I marvel at how upset I get when a glitchy piece of software eats something I’ve written. It’s usually something short and eminently disposable, like an extended comment on someone’s blog post. But the fact remains that it’s three or five hundred words that I thought about, wrote, and edited, and when I got to the very end and clicked “Send,” some goddamn app said “Ha ha! No you didn’t write anything! What? Oh, really? Well, its your word against mine now, jerkface!!!”

The thing I wrote is still fresh in my mind. I could re-type it in a fraction of the time it took to write it originally (and truth be told, it’ll probably be stronger than the first version). But it’s so hard to make myself do it all over again. It feels like something was stolen from me. Words? Time? I don’t know, but that’s the mindset.

Also, I somehow bristle at the very thought that I need to put that time in all over again. It’s like walking up to the takeout counter at a sandwich shop, paying $8 for a sub, and then when they finish making it they say “That’ll be $8.” No. Go to hell! I already paid for this once and if I pay for it again, it’s like I’m telling you it’s okay for you to behave this way!

I don’t have kids and I can only imagine the level of eye-rolling that would ensue if I said “If I lost a child, would I just shrug and make another one? This is something special I took pride in and cared about. I don’t just cynically crank these things out because it’s part of a business plan or something!”

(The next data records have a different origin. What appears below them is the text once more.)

section \<open>Asymptotically CAT(0) spaces are sublinearly CAT(0)\<close>

lemma violation_perturb:
  fixes x1 x2 x3 :: "'a::metric_space"
  assumes g: "geodesic_seg UNIV dist g1 x1 x2" "geodesic_seg UNIV dist g2 x2 x3" "geodesic_seg UNIV dist g3 x3 x1"
    and k: "k < 3" "k' < 3"
    and s: "s \<in> {0..sel3 k (dist x1 x2) (dist x2 x3) (dist x3 x1)}" "\<sigma> \<in> {0..sel3 k (dist x1 x2) (dist x2 x3) (dist x3 x1)}"
    and t: "t \<in> {0..sel3 k' (dist x1 x2) (dist x2 x3) (dist x3 x1)}" "\<tau> \<in> {0..sel3 k' (dist x1 x2) (dist x2 x3) (dist x3 x1)}"
    and viol: "dist (sel3 k g1 g2 g3 s) (sel3 k' g1 g2 g3 t) > cmp_bound (dist x1 x2) (dist x2 x3) (dist x3 x1) k s k' t + \<eta>"
  shows "cmp_bound (dist x1 x2) (dist x2 x3) (dist x3 x1) k \<sigma> k' \<tau> + \<eta> - 2 * (\<bar>s - \<sigma>\<bar> + \<bar>t - \<tau>\<bar>)
    \<le> dist (sel3 k g1 g2 g3 \<sigma>) (sel3 k' g1 g2 g3 \<tau>)"
proof -
  have side: "dist (sel3 j g1 g2 g3 u) (sel3 j g1 g2 g3 v) = \<bar>u - v\<bar>"
    if "j < 3" "u \<in> {0..sel3 j (dist x1 x2) (dist x2 x3) (dist x3 x1)}"
      "v \<in> {0..sel3 j (dist x1 x2) (dist x2 x3) (dist x3 x1)}" for j u v
    using geodesic_seg_dist[OF geodesic_seg_sel3[OF that(1) g]] that(2,3) by (simp add: sel3_comp[of _ dist])
  have tri: "dist (sel3 k g1 g2 g3 s) (sel3 k' g1 g2 g3 t) \<le> dist (sel3 k g1 g2 g3 s) (sel3 k g1 g2 g3 \<sigma>)
      + dist (sel3 k g1 g2 g3 \<sigma>) (sel3 k' g1 g2 g3 \<tau>) + dist (sel3 k' g1 g2 g3 \<tau>) (sel3 k' g1 g2 g3 t)"
    using dist_triangle[of "sel3 k g1 g2 g3 s" "sel3 k' g1 g2 g3 t" "sel3 k g1 g2 g3 \<sigma>"]
      dist_triangle[of "sel3 k g1 g2 g3 \<sigma>" "sel3 k' g1 g2 g3 t" "sel3 k' g1 g2 g3 \<tau>"] by linarith
  have perturb: "cmp_bound (dist x1 x2) (dist x2 x3) (dist x3 x1) k \<sigma> k' \<tau> \<le>
      cmp_bound (dist x1 x2) (dist x2 x3) (dist x3 x1) k s k' t + \<bar>s - \<sigma>\<bar> + \<bar>t - \<tau>\<bar>"
    by (rule cmp_bound_perturb[OF k zero_le_dist zero_le_dist metric_triangle_ineqs])
  have "dist (sel3 k g1 g2 g3 s) (sel3 k g1 g2 g3 \<sigma>) + dist (sel3 k' g1 g2 g3 \<tau>) (sel3 k' g1 g2 g3 t)
      = \<bar>s - \<sigma>\<bar> + \<bar>t - \<tau>\<bar>"
    using side[OF k(1) s] side[OF k(2) t(2,1)] by (simp add: abs_minus_commute)
  with tri perturb viol show ?thesis by argo
qed

context asymptotic_cone
begin

lemma rescaled_parameter_limit:
  assumes L: "((\<lambda>n. L1 n / a n) \<longlongrightarrow> l1) U" "((\<lambda>n. L2 n / a n) \<longlongrightarrow> l2) U" "((\<lambda>n. L3 n / a n) \<longlongrightarrow> l3) U"
    and nonneg: "\<And>n. 0 \<le> L1 n" "\<And>n. 0 \<le> L2 n" "\<And>n. 0 \<le> L3 n"
    and s: "\<And>n. s n \<in> {0..sel3 (k n) (L1 n) (L2 n) (L3 n)}" and k: "eventually (\<lambda>n. k n = K) U"
  obtains s' where "((\<lambda>n. s n / a n) \<longlongrightarrow> s') U" "s' \<in> {0..sel3 K l1 l2 l3}"
proof -
  have side_lim: "((\<lambda>n. sel3 K (L1 n) (L2 n) (L3 n) / a n) \<longlongrightarrow> sel3 K l1 l2 l3) U"
    unfolding sel3_divide by (intro tendsto_sel3 L)
  have "eventually (\<lambda>n. (L1 n + L2 n + L3 n) / a n < l1 + l2 + l3 + 1) U"
    using order_tendstoD(2)[OF tendsto_add[OF tendsto_add[OF L(1,2)] L(3)]]
    by (simp add: add_divide_distrib)
  then have "eventually (\<lambda>n. \<bar>s n / a n\<bar> \<le> l1 + l2 + l3 + 1) U"
  proof eventually_elim
    case (elim n)
    have "s n \<le> L1 n + L2 n + L3 n"
      using s[of n] sel3_le_sum[OF nonneg(1)[of n] nonneg(2)[of n] nonneg(3)[of n], of "k n"] by simp
    then have "s n / a n \<le> (L1 n + L2 n + L3 n) / a n"
      using a_pos[of n] by (simp add: divide_right_mono)
    then show ?case using elim s[of n] a_pos[of n] by simp
  qed
  then have lim: "((\<lambda>n. s n / a n) \<longlongrightarrow> Lim U (\<lambda>n. s n / a n)) U"
    by (rule ultrafilter_bounded_tendsto[OF ultra])
  moreover have "0 \<le> Lim U (\<lambda>n. s n / a n)"
    by (rule tendsto_lowerbound[OF lim]) (use s a_pos in \<open>auto intro!: always_eventually simp: less_imp_le U_proper\<close>)
  moreover have "eventually (\<lambda>n. s n / a n \<le> sel3 K (L1 n) (L2 n) (L3 n) / a n) U"
    using k by eventually_elim (use s a_pos in \<open>auto intro: divide_right_mono simp: less_imp_le\<close>)
  then have "Lim U (\<lambda>n. s n / a n) \<le> sel3 K l1 l2 l3"
    by (intro tendsto_le[OF U_proper side_lim lim])
  ultimately show ?thesis using that by simp
qed
(* Let $(X,Y)$ be a bivariate random vector whose distribution is given by a joint pmf or a joint pdf (w.r.t. Lebesgue measure) $f$. Call $(X,Y)$ UR$_{\mathrm E}$ (resp. LR$_{\mathrm E}$) if $f(x,y)\ge f(-y,-x)$ whenever $|x|<y$ (resp. whenever $|y|<x$), and UR$^{\mathrm E}$ (resp. LR$^{\mathrm E}$) if $f(x,y)\le f(-y,-x)$ whenever $|x|<y$ (resp. whenever $|y|<x$). Then: (i) UR$_{\mathrm E}$ implies $|X|\le_{\mathrm{st}}|\max(X,Y)|$ and $|\min(X,Y)|\le_{\mathrm{st}}|Y|$; (ii) LR$_{\mathrm E}$ implies $|Y|\le_{\mathrm{st}}|\max(X,Y)|$ and $|\min(X,Y)|\le_{\mathrm{st}}|X|$; (iii) UR$^{\mathrm E}$ implies $|X|\ge_{\mathrm{st}}|\max(X,Y)|$ and $|\min(X,Y)|\ge_{\mathrm{st}}|Y|$; (iv) LR$^{\mathrm E}$ implies $|Y|\ge_{\mathrm{st}}|\max(X,Y)|$ and $|\min(X,Y)|\ge_{\mathrm{st}}|X|$. Under the hypothesis of (i) the stochastic inequalities in (i) are strict if and only if $\Pr[|X|<Y]>\Pr[X<-|Y|]$; under the hypothesis of (iii), those in (iii) are strict iff $\Pr[|X|<Y]<\Pr[X<-|Y|]$. Under the hypothesis of (ii), those in (ii) are strict iff $\Pr[|Y|<X]>\Pr[Y<-|X|]$; under the hypothesis of (iv), those in (iv) are strict iff $\Pr[|Y|<X]<\Pr[Y<-|X|]$.
   Context: For random variables $U,V$, $U\le_{\mathrm{st}}V$ (equivalently $V\ge_{\mathrm{st}}U$) means $F_U(x)\ge F_V(x)$ for all real $x$, $F$ denoting the cdf; the inequality is strict if in addition $F_U(x)>F_V(x)$ for at least one $x$. *)

theory Defs
  imports "HOL-Probability.Probability"
begin

definition joint_pdf :: "'a measure \<Rightarrow> ('a \<Rightarrow> real) \<Rightarrow> ('a \<Rightarrow> real) \<Rightarrow> (real \<times> real \<Rightarrow> real) \<Rightarrow> bool" where
  "joint_pdf M X Y f \<longleftrightarrow> (\<forall>z. 0 \<le> f z) \<and> f \<in> borel_measurable lborel \<and>
     distributed M lborel (\<lambda>\<omega>. (X \<omega>, Y \<omega>)) (\<lambda>z. ennreal (f z))"

definition joint_pmf :: "'a measure \<Rightarrow> ('a \<Rightarrow> real) \<Rightarrow> ('a \<Rightarrow> real) \<Rightarrow> (real \<times> real \<Rightarrow> real) \<Rightarrow> bool" where
  "joint_pmf M X Y f \<longleftrightarrow> (\<exists>p. f = pmf p \<and>
     distr M borel (\<lambda>\<omega>. (X \<omega>, Y \<omega>)) = distr (measure_pmf p) borel (\<lambda>z. z))"

definition joint_pdf_or_pmf :: "'a measure \<Rightarrow> ('a \<Rightarrow> real) \<Rightarrow> ('a \<Rightarrow> real) \<Rightarrow> (real \<times> real \<Rightarrow> real) \<Rightarrow> bool" where
  "joint_pdf_or_pmf M X Y f \<longleftrightarrow> joint_pdf M X Y f \<or> joint_pmf M X Y f"

definition st_le :: "'a measure \<Rightarrow> ('a \<Rightarrow> real) \<Rightarrow> ('a \<Rightarrow> real) \<Rightarrow> bool" where
  "st_le M U V \<longleftrightarrow> (\<forall>x. cdf (distr M borel U) x \<ge> cdf (distr M borel V) x)"

definition st_less :: "'a measure \<Rightarrow> ('a \<Rightarrow> real) \<Rightarrow> ('a \<Rightarrow> real) \<Rightarrow> bool" where
  "st_less M U V \<longleftrightarrow> st_le M U V \<and> (\<exists>x. cdf (distr M borel U) x > cdf (distr M borel V) x)"

definition UR_lower :: "(real \<times> real \<Rightarrow> real) \<Rightarrow> bool" where
  "UR_lower f \<longleftrightarrow> (\<forall>x y. \<bar>x\<bar> < y \<longrightarrow> f (x, y) \<ge> f (-y, -x))"

definition LR_lower :: "(real \<times> real \<Rightarrow> real) \<Rightarrow> bool" where
  "LR_lower f \<longleftrightarrow> (\<forall>x y. \<bar>y\<bar> < x \<longrightarrow> f (x, y) \<ge> f (-y, -x))"

definition UR_upper :: "(real \<times> real \<Rightarrow> real) \<Rightarrow> bool" where
  "UR_upper f \<longleftrightarrow> (\<forall>x y. \<bar>x\<bar> < y \<longrightarrow> f (x, y) \<le> f (-y, -x))"

definition LR_upper :: "(real \<times> real \<Rightarrow> real) \<Rightarrow> bool" where
  "LR_upper f \<longleftrightarrow> (\<forall>x y. \<bar>y\<bar> < x \<longrightarrow> f (x, y) \<le> f (-y, -x))"

end

theory Submission
  imports Defs
begin

text \<open>Let \<open>\<sigma>(x, y) = (-y, -x)\<close> be the reflection in the antidiagonal and \<open>D = {|x| < y}\<close>.
  Since \<open>\<sigma>\<close> preserves Lebesgue and counting measure, the condition \<open>f \<circ> \<sigma> \<le> f\<close> on \<open>D\<close> says
  that the law \<open>\<mu>\<close> of \<open>(X, Y)\<close> satisfies \<open>\<mu>(\<sigma>\<^sup>-\<^sup>1 S) \<le> \<mu>(S)\<close> for all Borel \<open>S \<subseteq> D\<close>.
  For every \<open>t\<close>, the events \<open>|X| \<le> t\<close> and \<open>|max(X, Y)| \<le> t\<close> differ exactly by the strip
  \<open>A\<^sub>t = {|x| \<le> t < y}\<close> and its mirror image \<open>\<sigma>\<^sup>-\<^sup>1 A\<^sub>t\<close>, and so do \<open>|min(X, Y)| \<le> t\<close> and
  \<open>|Y| \<le> t\<close>; hence both cdf gaps equal \<open>\<mu>(A\<^sub>t) - \<mu>(\<sigma>\<^sup>-\<^sup>1 A\<^sub>t) \<ge> 0\<close>. Some gap is positive iff
  \<open>\<mu>(D) > \<mu>(\<sigma>\<^sup>-\<^sup>1 D)\<close>: \<open>D\<close> is the union of the \<open>A\<^sub>t\<close> over rational \<open>t\<close>, and the Borel
  sets \<open>S \<subseteq> D\<close> with \<open>\<mu>(\<sigma>\<^sup>-\<^sup>1 S) = \<mu>(S)\<close> are closed under Borel subsets and countable unions.
  Parts (ii)--(iv) are part (i) for \<open>(Y, X)\<close>, \<open>(-Y, -X)\<close> and \<open>(-X, -Y)\<close>, whose laws are
  images of the law of \<open>(X, Y)\<close> under maps commuting with \<open>\<sigma>\<close>.\<close>

lemma abs_max_uminus: "\<bar>max (- a) (- b)\<bar> = \<bar>min a b :: 'a :: linordered_idom\<bar>"
  by (simp add: max_def min_def)

lemma abs_min_uminus: "\<bar>min (- a) (- b)\<bar> = \<bar>max a b :: 'a :: linordered_idom\<bar>"
  by (simp add: max_def min_def)

lemma abs_less_uminus_iff: "\<bar>y\<bar> < - x \<longleftrightarrow> x < - \<bar>y :: 'a :: linordered_idom\<bar>"
  by (simp add: less_minus_iff)

definition reflect_antidiag :: "real \<times> real \<Rightarrow> real \<times> real" where
  "reflect_antidiag z = (- snd z, - fst z)"

lemma reflect_antidiag_Pair [simp]: "reflect_antidiag (x, y) = (- y, - x)"
  by (simp add: reflect_antidiag_def)

lemma reflect_antidiag_reflect_antidiag [simp]: "reflect_antidiag (reflect_antidiag z) = z"
  by (simp add: reflect_antidiag_def)

lemma measurable_reflect_antidiag [measurable]: "reflect_antidiag \<in> borel_measurable borel"
  unfolding reflect_antidiag_def by (intro borel_measurable_continuous_onI continuous_intros)

lemma vimage_reflect_antidiag_borel: "S \<in> sets borel \<Longrightarrow> reflect_antidiag -` S \<in> sets borel"
  using measurable_sets[OF measurable_reflect_antidiag] by simp

lemma distr_lborel_uminus_prod: "distr lborel borel (uminus :: real \<times> real \<Rightarrow> _) = lborel"
proof -
  have "(lborel :: (real \<times> real) measure) =
      density (distr lborel borel (\<lambda>x. 0 + (-1::real) *\<^sub>R x)) (\<lambda>_. \<bar>-1::real\<bar> ^ DIM(real \<times> real))"
    by (rule lborel_affine) simp
  then show ?thesis by (simp add: density_1)
qed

I’m a pro, so I’d probably try to take the edge off by ending it with “Who do you think I am…Kris Jenner?” Even so, I know that people without children shouldn’t compare anything in their lives to having children.

Instead, I’ll say that having to redo something I’ve written due to a software glitch is maddening and upsetting in a way that few other simple problems can madden and upset me. The closest I ever came to actually throwing a computer against a wall and jumping up and down on whatever remained was when Word ate an entire 12,000 word book chapter that I’d written in a long, joyous and grateful single day of totally-in-the-zone productivity.

I was exactly as upset as George Brett was, when his ninth inning home run was declared an out, to end and lose the game for the Royals. And for the same reasons.



But I didn’t throw anything against anything. I remembered this Mister Rogers song, or at least the message. You’re entitled to your anger sometimes, and sometimes you can’t even choose to not be angry. But you can choose what to do with your anger.



I chose to yell a whole hell of a lot and wave my arms around until my throat and my arms were a little sore, just to open up a relief valve (note that I was alone in my house). Then, I chose to take the next day off.

When I reviewed Microsoft’s first music player, my leadoff paragraph stated that using the Zune was about as pleasant as having an airbag deploy in your face. The line was so widely-quoted that it became a question on “Wait Wait…Don’t Tell Me.”

I’m not saying that this was my revenge for what Microsoft Word had done to my book chapter. I take my work too seriously to let that happen. But the book author from a few years earlier (unshaven and a little smelly after a sixteen hour workday, and still wearing the same shorts and tee shirt he’d slept in the night before) pumped his fists and cheered and promised to take me out to lunch the next day.

It wasn’t much of a gesture. We had joint bank accounts. But it was nice of him, anyway.

I am now doing a “select-all” and “copy” on this blog post so that if WordPress screws up again, I can sigh and shake my head and fix things with a simple “paste.” We live, we learn.